Dietary Gluten Permanently Reshapes the Tissue-Resident 𝛾𝛿 Intraepithelial T Cell Compartment in Celiac Disease

Tissue-resident lymphocytes play a key role in immune surveillance, but it remains unclear how these inherently stable cell populations respond to chronic inflammation.
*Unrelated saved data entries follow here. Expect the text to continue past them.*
lemma cseq_dvd_coeff:
  assumes "g 1 > 0" "1 \<le> j" "dseq g (j - 1) dvd v * g j"
  shows "cseq g j dvd v"
proof -
  have "dseq g (j - 1) dvd gcd (v * g j) (v * dseq g (j - 1))"
    using assms(3) by simp
  also have "gcd (v * g j) (v * dseq g (j - 1)) = v * dseq g j"
    using dseq_Suc[of g "j - 1"] assms(2) by (simp add: gcd_mult_left)
  finally have "cseq g j * dseq g j dvd v * dseq g j"
    by (simp add: cseq_mult_dseq)
  then show ?thesis
    using dseq_pos[of g j] assms(1,2) by simp
qed

lemma Cprod_mult_dseq: "m \<le> n \<Longrightarrow> Cprod g m n * dseq g n = dseq g m"
proof (induction n rule: dec_induct)
  case base
  then show ?case by (simp add: Cprod_def)
next
  case (step n)
  have "Cprod g m (Suc n) = Cprod g m n * cseq g (Suc n)"
    unfolding Cprod_def using step by (simp add: prod.cl_ivl_Suc)
  then show ?case
    using step.IH cseq_mult_dseq[of g "Suc n"] by (simp add: mult.assoc)
qed

lemma Cprod_mult_Cprod:
  assumes "i \<le> j" "j \<le> k"
  shows "Cprod g i j * Cprod g j k = Cprod g i k"
proof -
  have "{i+1..j} \<union> {j+1..k} = {i+1..k}" "{i+1..j} \<inter> {j+1..k} = {}"
    using assms by auto
  then show ?thesis
    unfolding Cprod_def by (metis finite_atLeastAtMost prod.union_disjoint)
qed

lemma zseq_mult_Cprod:
  assumes "1 \<le> i" "i \<le> k"
  shows "zseq g k i * Cprod g i k = g i"
proof -
  have "Cprod g i k dvd dseq g i"
    using Cprod_mult_dseq[of i k g] assms(2) by (metis dvd_triv_left)
  also have "dseq g i dvd g i"
    using dseq_dvd[of i i g] assms(1) by simp
  finally show ?thesis
    unfolding zseq_def by simp
qed

lemma zseq_dvd_iff:
  assumes "g 1 > 0" "1 \<le> i" "i < j" "j \<le> k"
  shows "zseq g k j dvd zseq g k i * Cprod g i j \<longleftrightarrow> g j dvd g i"
proof -
  have "Cprod g j k \<noteq> 0"
    using Cprod_mult_dseq[of j k g] dseq_pos[of g j] assms by (cases "Cprod g j k = 0") auto
  then have "zseq g k j dvd zseq g k i * Cprod g i j \<longleftrightarrow>
      zseq g k j * Cprod g j k dvd zseq g k i * (Cprod g i j * Cprod g j k)"
    by (simp add: mult.assoc)
  also have "\<dots> \<longleftrightarrow> g j dvd g i"
    using zseq_mult_Cprod[of i k g] zseq_mult_Cprod[of j k g] Cprod_mult_Cprod[of i j k g] assms
    by simp
  finally show ?thesis .
qed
In the setting of celiac disease (CeD), where exposure to dietary antigen can be controlled, gluten-induced inflammation triggered a profound depletion of naturally-occurring V𝛾4⁺V𝛿1⁺ intraepithelial lymphocytes (IELs) with innate cytolytic properties and specificity for the butyrophilin-like (BTNL) molecules BTNL3/BTNL8. Creation of a new niche with reduced expression of BTNL8 and loss of V𝛾4⁺V𝛿1⁺ IELs was accompanied by the expansion of gluten-sensitive, interferon-𝛾-producing V𝛿1⁺ IELs bearing T cell receptors (TCRs) with a shared non-germline-encoded motif that failed to recognize BTNL3/BTNL8. Exclusion of dietary gluten restored BTNL8 expression but failed to reconstitute the V𝛾4⁺V𝛿1⁺ 'gut signature' among TCR𝛾𝛿⁺ IELs. Collectively, these data demonstrate that chronic inflammation permanently reconfigures the tissue-resident TCR𝛾𝛿⁺ IEL compartment, thus the paradigm of tissue-resident lymphocyte stability needs revisiting.